Alumni Spotlight Interview
Kristian Summerer ’99
Major: Graphic Design Communications
Fresh out of college and bussing tables at a Manayunk restaurant in the summer of 1999, Kristian Summerer was slow at first to start his career in creative advertising. However, the then-22-year-old PhilaU graduate was about to embark on an upward climb of personal and professional success.
Now the co-founder, principal, and creative director of Machinery, a strategic and creative agency located in the Chinatown section of Philadelphia, Summerer’s clients range from Tony Roni’s pizza franchise, Mystic Aquarium, and GoldenNuggetCasino.com to Princeton HealthCare System, Villanova University, and Americans for the Arts. “We pride ourselves on our diverse client roster. We don’t specialize. Whether we’re selling pizzas in Philly or raising awareness for a national non-profit, our job is same — to foster an emotional connection between a person and a brand,” explains Summerer. Machinery is only a six person shop, including two PhilaU graphic design graduates, but they’ve been delivering “big agency” work for nearly 10 years.
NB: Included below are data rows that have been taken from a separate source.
section \<open>The extremal set\<close>

definition twin_class_witness :: "'b set \<Rightarrow> 'a set \<Rightarrow> ('a \<times> 'b) set" where
  "twin_class_witness K C =
     (if card K \<le> card C then C \<times> {SOME k. k \<in> K} else {SOME g. g \<in> C} \<times> K)"

definition mv_witness :: "'a set \<Rightarrow> ('a \<Rightarrow> 'a \<Rightarrow> bool) \<Rightarrow> 'b set \<Rightarrow> ('a \<times> 'b) set" where
  "mv_witness V E K = \<Union> (twin_class_witness K ` simplicial_twin_classes V E)"

lemma twin_class_witness_subset:
  "C \<noteq> {} \<Longrightarrow> K \<noteq> {} \<Longrightarrow> twin_class_witness K C \<subseteq> C \<times> K"
  unfolding twin_class_witness_def by (auto simp: some_in_eq)

lemma card_twin_class_witness:
  "finite C \<Longrightarrow> finite K \<Longrightarrow> card (twin_class_witness K C) = max (card C) (card K)"
  unfolding twin_class_witness_def by (simp add: card_cartesian_product max_def)

lemma twin_class_witness_same_layer:
  "(g, i) \<in> twin_class_witness K C \<Longrightarrow> (h, j) \<in> twin_class_witness K C \<Longrightarrow> g \<noteq> h \<Longrightarrow> i = j"
  unfolding twin_class_witness_def by (auto split: if_splits)

lemma mv_witness_subset:
  assumes "K \<noteq> {}"
  shows "mv_witness V E K \<subseteq> simplicial_set V E \<times> K"
proof -
  have "twin_class_witness K C \<subseteq> simplicial_set V E \<times> K" if "C \<in> simplicial_twin_classes V E" for C
    using twin_class_witness_subset[OF simplicial_twin_class_nonempty[OF that] assms]
      simplicial_twin_class_subset[OF that] by blast
  then show ?thesis
    unfolding mv_witness_def by blast
qed

lemma card_mv_witness:
  assumes sg: "simple_graph V E" and K: "finite K" "K \<noteq> {}"
  shows "card (mv_witness V E K) = (\<Sum>C\<in>simplicial_twin_classes V E. max (card C) (card K))"
proof -
  have "card (mv_witness V E K) = (\<Sum>C\<in>simplicial_twin_classes V E. card (twin_class_witness K C))"
    unfolding mv_witness_def
  proof (rule card_UN_disjoint)
    show "finite (simplicial_twin_classes V E)"
      using finite_simplicial_twin_classes(1)[OF sg] .
    show "\<forall>C\<in>simplicial_twin_classes V E. finite (twin_class_witness K C)"
      using finite_simplicial_twin_classes(2)[OF sg] K(1)
      by (simp add: twin_class_witness_def)
    show "\<forall>C\<in>simplicial_twin_classes V E. \<forall>D\<in>simplicial_twin_classes V E.
            C \<noteq> D \<longrightarrow> twin_class_witness K C \<inter> twin_class_witness K D = {}"
    proof (intro ballI impI)
      fix C D
      assume C: "C \<in> simplicial_twin_classes V E" and D: "D \<in> simplicial_twin_classes V E"
        and "C \<noteq> D"
      then have "C \<inter> D = {}"
        by (rule simplicial_twin_classes_disjoint)
      moreover have "twin_class_witness K C \<subseteq> C \<times> K" "twin_class_witness K D \<subseteq> D \<times> K"
        using twin_class_witness_subset[OF simplicial_twin_class_nonempty K(2)] C D by blast+
      ultimately show "twin_class_witness K C \<inter> twin_class_witness K D = {}"
        by blast
    qed
  qed
  then show ?thesis
    using finite_simplicial_twin_classes(2)[OF sg] K(1) by (simp add: card_twin_class_witness)
qed

lemma mv_witness_adjacent_same_layer:
  assumes sg: "simple_graph V E" and K: "K \<noteq> {}" and "E g h"
    and "(g, i) \<in> mv_witness V E K" "(h, j) \<in> mv_witness V E K"
  shows "i = j"
proof -
  obtain C D where C: "C \<in> simplicial_twin_classes V E" "(g, i) \<in> twin_class_witness K C"
    and D: "D \<in> simplicial_twin_classes V E" "(h, j) \<in> twin_class_witness K D"
    using assms(4,5) unfolding mv_witness_def by blast
  have "g \<in> C" "h \<in> D"
    using twin_class_witness_subset[OF simplicial_twin_class_nonempty K] C D by blast+
  then have "C = D"
    using adjacent_simplicial_same_twin_class[OF sg C(1) D(1)] \<open>E g h\<close> by blast
  moreover have "g \<noteq> h"
    using sg \<open>E g h\<close> by (auto simp: simple_graph_def)
  ultimately show ?thesis
    using twin_class_witness_same_layer C(2) D(2) by metis
qed

theorem theorem5p9:
  fixes V :: "'a set" and E :: "'a \<Rightarrow> 'a \<Rightarrow> bool" and n :: nat
  assumes "simple_graph V E"
    and "connected_graph V E"
    and "mu_t V E = card (simplicial_set V E)"
    and "n \<ge> 2"
  shows "mu_t (V \<times> K_vertices n) (cart_edges E K_edges)
           = (\<Sum>C\<in>simplicial_twin_classes V E. max (card C) n)"
proof -
  let ?K = "K_vertices n"
  have K: "finite ?K" "?K \<noteq> {}" "card ?K = n"
    using assms(4) by (auto simp: K_vertices_def)
  show ?thesis
  proof (rule mu_t_eqI)
    show "card X \<le> (\<Sum>C\<in>simplicial_twin_classes V E. max (card C) n)"
      if "total_mv_set (V \<times> ?K) (cart_edges E K_edges) X" for X
      using card_total_mv_set_cart_le[OF assms(1-3) K(1) that] K(3) by simp
    show "total_mv_set (V \<times> ?K) (cart_edges E K_edges) (mv_witness V E ?K)"
      using assms(1,2) mv_witness_subset[OF K(2)] mv_witness_adjacent_same_layer[OF assms(1) K(2)]
      by (rule total_mv_set_cartI)
    show "card (mv_witness V E ?K) = (\<Sum>C\<in>simplicial_twin_classes V E. max (card C) n)"
      using card_mv_witness[OF assms(1) K(1,2)] K(3) by simp
  qed
qed

end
To get to this point, it took some childhood inspiration, a thoughtful professor, and the perfect first job to garner Summerer the credentials necessary to run a successful business.
Summerer’s grandfather was a sign painter. In the 1960’s and 70’s, his work could be seen on almost every storefront in Kennilworth, NJ. This was Summerer’s first exposure to graphic arts. In high school, Summerer took a graphic arts course which taught him the basics of page layout, pre-press production, and offset printing. “We used to produce stuff for the school like the directory and game schedules. It was a fun process. I loved watching my work come off the press and the idea that hundreds of people were going to see it, at least for a couple seconds, before throwing it in the trash," joked Summerer.
While high school inspired him to pursue graphic design in college, he didn’t graduate with a traditional fine art portfolio, which many art schools required. Undeterred, Summerer applied to Philadelphia University (then Philadelphia College of Textiles & Science) where he was accepted and declared his major of Graphic Design Communications.
Kristian attended PhilaU between 1995 and 1999 and during his junior and senior years, he worked nights and weekends as a bus boy for a restaurant in Manayunk. After graduating, Summerer stayed in Philadelphia and continued working for the restaurant full-time. “I probably should’ve been trying to get a design job but I was making a lot of cash and having a lot of fun. I think I was suffering from ‘endless summer’ syndrome.”
Fortunately for Summerer, a former professor knew of his talents and called him about a job opportunity at a hip design firm in Old City and encouraged him to apply.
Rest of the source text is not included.